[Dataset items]
lemma weight_Q_eq:
  assumes "1 \<le> y" "y \<le> z"
  shows "weight_Q t z y = weight_P t z y + (if y < z then 1 - t else 1) / real z"
proof -
  have hz: "harm z = harm (z - 1) + 1 / real z"
  proof -
    obtain n where n: "z = Suc n" using assms by (cases z) auto
    show ?thesis unfolding n by (simp add: harm_Suc divide_inverse)
  qed
  show ?thesis
  proof (cases "y < z")
    case True
    have zy: "0 < real z - real y" "0 < real z" using True by auto
    have "t * real y / (real z * (real z - real y)) = t / (real z - real y) - t / real z"
      using zy by (simp add: field_simps)
    then show ?thesis unfolding weight_Q_def weight_P_def hz using True by (simp add: diff_divide_distrib)
  next
    case False
    then show ?thesis unfolding weight_Q_def weight_P_def hz by simp
  qed
qed

text \<open>\<open>conn_Q_term t ms x z\<close>: the part of the \<open>conn_Q\<close> summand with first point x and
  second point z of the chain (first entry 1, remaining entries ms).\<close>
definition conn_Q_term :: "real \<Rightarrow> nat list \<Rightarrow> nat \<Rightarrow> nat \<Rightarrow> real" where
  "conn_Q_term t ms x z = (\<Sum>y=1..z. if y < x
     then (if z = x then t else 1) * chain_kernel t ms z y / (real x * (real x - real y)) else 0)"

lemma conn_Q_term_nonneg: "0 \<le> t \<Longrightarrow> 0 \<le> conn_Q_term t ms x z"
  unfolding conn_Q_term_def
  by (auto intro!: sum_nonneg divide_nonneg_nonneg mult_nonneg_nonneg chain_kernel_nonneg)

lemma conn_Q_inner:
  assumes "1 \<le> x" "ms \<noteq> []"
  shows "(\<Sum>y=1..x-1. chain_kernel t (1 # ms) x y / (real x - real y))
       = (\<Sum>z=1..x. conn_Q_term t ms x z)"
proof -
  define h where "h z y
      = (if z = x then t else 1) * chain_kernel t ms z y / (real x * (real x - real y))"
    for z y
  have "(\<Sum>y=1..x-1. chain_kernel t (1 # ms) x y / (real x - real y)) = (\<Sum>z=1..x. \<Sum>y=1..x-1. h z y)"
    using assms(2) unfolding h_def
    by (simp add: chain_kernel_Cons sum_distrib_left sum_divide_distrib) (rule sum.swap)
  also have "\<dots> = (\<Sum>z=1..x. conn_Q_term t ms x z)"
  proof (rule sum.cong[OF refl])
    fix z assume z: "z \<in> {1..x}"
    have "{y\<in>{1..x}. y < x} = {1..x-1}" using assms(1) by auto
    then have "(\<Sum>y=1..x-1. h z y) = (\<Sum>y=1..x. if y < x then h z y else 0)"
      by (metis sum.inter_filter finite_atLeastAtMost)
    also have "\<dots> = (\<Sum>y=1..z. if y < x then h z y else 0)"
      using z by (intro sum.mono_neutral_right) (auto simp: h_def chain_kernel_below)
    finally show "(\<Sum>y=1..x-1. h z y) = conn_Q_term t ms x z"
      unfolding conn_Q_term_def h_def .
  qed
  finally show ?thesis .
qed
definition nr_mean_total :: "(nat \<Rightarrow> nat \<Rightarrow> real) \<Rightarrow> nat \<Rightarrow> nat \<Rightarrow> real" where
  "nr_mean_total lam N t = 1 + (\<Sum>k<t. muN lam N * nuN lam N ^ k)"

lemma nr_mean_total_Suc:
  "nr_mean_total lam N (Suc t) = nr_mean_total lam N t + muN lam N * nuN lam N ^ t"
  by (simp add: nr_mean_total_def)

lemma set_pmf_nr_step: "ys \<in> set_pmf (nr_step lam N ms) \<Longrightarrow> set ys \<subseteq> {..<N}"
  unfolding nr_step_def by auto

lemma set_pmf_nr_history:
  assumes "0 < N" "h \<in> set_pmf (nr_history lam N t)"
  shows "length h = Suc t \<and> (\<forall>ms\<in>set h. set ms \<subseteq> {..<N})"
  using assms(2)
proof (induction t arbitrary: h)
  case 0
  then show ?case using assms(1) by auto
next
  case (Suc t)
  then obtain h' ys where "h = h' @ [ys]" "h' \<in> set_pmf (nr_history lam N t)"
      "ys \<in> set_pmf (nr_step lam N (last h'))"
    by auto
  then show ?case using Suc.IH set_pmf_nr_step by auto
qed

lemma set_last_nr_history:
  "0 < N \<Longrightarrow> h \<in> set_pmf (nr_history lam N t) \<Longrightarrow> set (last h) \<subseteq> {..<N}"
  using set_pmf_nr_history[of N h lam t] last_in_set[of h] by fastforce

context pos_capacities
begin

lemma nr_mean_total_nonneg: "0 \<le> nr_mean_total lam N t"
  unfolding nr_mean_total_def using muN_nonneg nuN_nonneg
  by (intro add_nonneg_nonneg sum_nonneg mult_nonneg_nonneg zero_le_power) auto
lemma dir_deriv_add: "dir_deriv x (h + k) = dir_deriv x h + dir_deriv x k"
proof (rule dir_deriv_unique)
  fix t :: real
  assume "0 < t" "t \<le> 1"
  define a b where "a = x + (2 * t) *\<^sub>R h" and "b = x + (2 * t) *\<^sub>R k"
  have mid: "norm (g (x + t *\<^sub>R (h + k)) - (1 / 2) *\<^sub>R (g a + g b)) \<le> L / 2 * (norm (h - k))\<^sup>2 * t\<^sup>2"
  proof -
    have "(1 / 2) *\<^sub>R (a + b) = x + t *\<^sub>R (h + k)"
      by (simp add: a_def b_def algebra_simps flip: scaleR_add_left)
    moreover have "a - b = (2 * t) *\<^sub>R (h - k)"
      by (simp add: a_def b_def algebra_simps)
    ultimately show ?thesis
      using jensen_defect_midpoint[of a b] \<open>0 < t\<close> by (simp add: power_mult_distrib mult_ac)
  qed
  have "g (x + t *\<^sub>R (h + k)) - g x - t *\<^sub>R (dir_deriv x h + dir_deriv x k)
      = (g (x + t *\<^sub>R (h + k)) - (1 / 2) *\<^sub>R (g a + g b))
        + (1 / 2) *\<^sub>R (g a - g x - (2 * t) *\<^sub>R dir_deriv x h)
        + (1 / 2) *\<^sub>R (g b - g x - (2 * t) *\<^sub>R dir_deriv x k)"
    by (simp add: algebra_simps flip: scaleR_2)
  also have "norm \<dots> \<le> norm (g (x + t *\<^sub>R (h + k)) - (1 / 2) *\<^sub>R (g a + g b))
      + 1 / 2 * norm (g a - g x - (2 * t) *\<^sub>R dir_deriv x h)
      + 1 / 2 * norm (g b - g x - (2 * t) *\<^sub>R dir_deriv x k)"
    by (intro norm_triangle_mono) simp_all
  also have "\<dots> \<le> L / 2 * (norm (h - k))\<^sup>2 * t\<^sup>2
      + 1 / 2 * (L / 2 * (norm h)\<^sup>2 * (2 * t)\<^sup>2) + 1 / 2 * (L / 2 * (norm k)\<^sup>2 * (2 * t)\<^sup>2)"
    using mid dir_deriv_remainder[of "2 * t" x h] dir_deriv_remainder[of "2 * t" x k] \<open>0 < t\<close>
    unfolding a_def b_def by linarith
  also have "\<dots> = (L / 2 * (norm (h - k))\<^sup>2 + L * (norm h)\<^sup>2 + L * (norm k)\<^sup>2) * t\<^sup>2"
    by (simp add: power2_eq_square algebra_simps)
  finally show "norm (g (x + t *\<^sub>R (h + k)) - g x - t *\<^sub>R (dir_deriv x h + dir_deriv x k))
      \<le> (L / 2 * (norm (h - k))\<^sup>2 + L * (norm h)\<^sup>2 + L * (norm k)\<^sup>2) * t\<^sup>2" .
qed

lemma dir_deriv_minus: "dir_deriv x (- h) = - dir_deriv x h"
  using dir_deriv_add[of x h "- h"] by (metis dir_deriv_zero minus_unique add.right_inverse)

lemma dir_deriv_scale: "dir_deriv x (c *\<^sub>R h) = c *\<^sub>R dir_deriv x h"
proof -
  consider "0 < c" | "c = 0" | "c < 0" by linarith
  then show ?thesis
  proof cases
    case 3
    then have "dir_deriv x (- c *\<^sub>R h) = - c *\<^sub>R dir_deriv x h"
      by (intro dir_deriv_scale_pos) simp
    then show ?thesis
      by (metis dir_deriv_minus scaleR_minus_left minus_minus)
  qed (simp_all add: dir_deriv_scale_pos dir_deriv_zero)
qed

lemma linear_dir_deriv: "linear (dir_deriv x)"
  by (rule linearI) (simp_all add: dir_deriv_add dir_deriv_scale)

lemma bounded_linear_dir_deriv_if_locally_bounded:
  assumes "0 < r" and bound: "\<And>y. norm (y - x) \<le> r \<Longrightarrow> norm (g y - g x) \<le> M"
  shows "bounded_linear (dir_deriv x)"
proof -
  have bound_h: "norm (dir_deriv x h) \<le> norm h * ((M + L / 2 * r\<^sup>2) / r)" for h
  proof (cases "h = 0")
    case False
    define w where "w = (r / norm h) *\<^sub>R h"
    have "norm w = r"
      using False \<open>0 < r\<close> by (simp add: w_def)
    have "norm (dir_deriv x w) \<le> norm (g (x + w) - g x) + norm (g (x + w) - g x - dir_deriv x w)"
      by (rule norm_triangle_ineq4[of "g (x + w) - g x" "g (x + w) - g x - dir_deriv x w", simplified])
    also have "\<dots> \<le> M + L / 2 * r\<^sup>2"
      using bound[of "x + w"] dir_deriv_taylor[of "x + w" x] \<open>norm w = r\<close> by simp
    finally have "r / norm h * norm (dir_deriv x h) \<le> M + L / 2 * r\<^sup>2"
      using \<open>0 < r\<close> by (simp add: w_def dir_deriv_scale)
    then show ?thesis
      using False \<open>0 < r\<close> by (simp add: field_simps)
  qed (simp add: dir_deriv_zero)
  show ?thesis
    by (rule bounded_linear_intro[OF _ _ bound_h]) (simp_all add: dir_deriv_add dir_deriv_scale)
qed

lemma has_derivative_dir_deriv:
  assumes "bounded_linear (dir_deriv x)"
  shows "(g has_derivative dir_deriv x) (at x)"
  unfolding has_derivative_iff_norm
proof (intro conjI assms, rule Lim_null_comparison[where g = "\<lambda>y. L / 2 * norm (y - x)"],
    intro always_eventually allI)
  fix y
  show "norm (norm (g y - g x - dir_deriv x (y - x)) / norm (y - x)) \<le> L / 2 * norm (y - x)"
  proof (cases "y = x")
    case False
    then show ?thesis
      using dir_deriv_taylor[of y x] by (simp add: divide_le_eq power2_eq_square mult.assoc)
  qed simp
  have "((\<lambda>y. L / 2 * norm (y - x)) \<longlongrightarrow> L / 2 * norm (x - x)) (at x)"
    by (intro tendsto_intros)
  then show "((\<lambda>y. L / 2 * norm (y - x)) \<longlongrightarrow> 0) (at x)"
    by simp
qed

end

lemma parallelogram_law:
  fixes a b :: "'a::real_inner"
  shows "(norm (a + b))\<^sup>2 + (norm (a - b))\<^sup>2 = 2 * ((norm a)\<^sup>2 + (norm b)\<^sup>2)"
  by (simp add: power2_norm_eq_inner inner_add_left inner_add_right inner_diff_left inner_diff_right
      inner_commute)

locale jensen_defect_inner = jensen_defect g L
  for g :: "'a::real_inner \<Rightarrow> 'b::{real_normed_vector, complete_space}" and L
begin

lemma dir_deriv_diff_le:
  "norm (dir_deriv x v - dir_deriv y v) \<le> L * ((norm v)\<^sup>2 + (norm (x - y))\<^sup>2 / 4)"
proof -
  define u m where "u = (1 / 2) *\<^sub>R (x - y)" and "m = (1 / 2) *\<^sub>R (x + y)"
  have x: "x = m + u" and y: "y = m - u"
    by (simp_all add: u_def m_def algebra_simps flip: scaleR_add_left)
  define e where "e z p = g z - g p - dir_deriv p (z - p)" for z p
  have lin: "dir_deriv p (m + v - p) - dir_deriv p (m - v - p) = 2 *\<^sub>R dir_deriv p v" for p
  proof -
    have "dir_deriv p (m + v - p) - dir_deriv p (m - v - p) = dir_deriv p ((m + v - p) - (m - v - p))"
      by (rule linear_diff[OF linear_dir_deriv, symmetric])
    also have "(m + v - p) - (m - v - p) = 2 *\<^sub>R v"
      by (simp add: scaleR_2)
    finally show ?thesis
      by (simp add: dir_deriv_scale)
  qed
  have d: "m + v - x = v - u" "m + v - y = v + u" "m - v - x = - (v + u)" "m - v - y = - (v - u)"
    by (simp_all add: x y algebra_simps)
  have taylor: "norm (e (m + v) x) \<le> L / 2 * (norm (v - u))\<^sup>2" "norm (e (m + v) y) \<le> L / 2 * (norm (v + u))\<^sup>2"
    "norm (e (m - v) x) \<le> L / 2 * (norm (v + u))\<^sup>2" "norm (e (m - v) y) \<le> L / 2 * (norm (v - u))\<^sup>2"
    using dir_deriv_taylor[of "m + v" x] dir_deriv_taylor[of "m + v" y]
      dir_deriv_taylor[of "m - v" x] dir_deriv_taylor[of "m - v" y]
    unfolding e_def d norm_minus_cancel by auto
  have "2 *\<^sub>R (dir_deriv x v - dir_deriv y v)
      = (dir_deriv x (m + v - x) - dir_deriv x (m - v - x)) - (dir_deriv y (m + v - y) - dir_deriv y (m - v - y))"
    by (simp add: lin scaleR_right_diff_distrib)
  also have "\<dots> = - e (m + v) x + e (m + v) y + e (m - v) x + - e (m - v) y"
    by (simp add: e_def)
  finally have "2 * norm (dir_deriv x v - dir_deriv y v)
      = norm (- e (m + v) x + e (m + v) y + e (m - v) x + - e (m - v) y)"
    by (metis norm_scaleR abs_numeral)
  also have "\<dots> \<le> norm (e (m + v) x) + norm (e (m + v) y) + norm (e (m - v) x) + norm (e (m - v) y)"
    by (intro norm_triangle_mono) simp_all
  also have "\<dots> \<le> L * ((norm (v + u))\<^sup>2 + (norm (v - u))\<^sup>2)"
    using taylor by (simp add: algebra_simps)
  also have "\<dots> = 2 * (L * ((norm v)\<^sup>2 + (norm (x - y))\<^sup>2 / 4))"
    by (simp add: parallelogram_law u_def power_divide)
  finally show ?thesis
    by simp
qed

• _Exercise goal_
Among the lines above, count those containing the word "True" and give nothing but the result.

• _Written solution_
3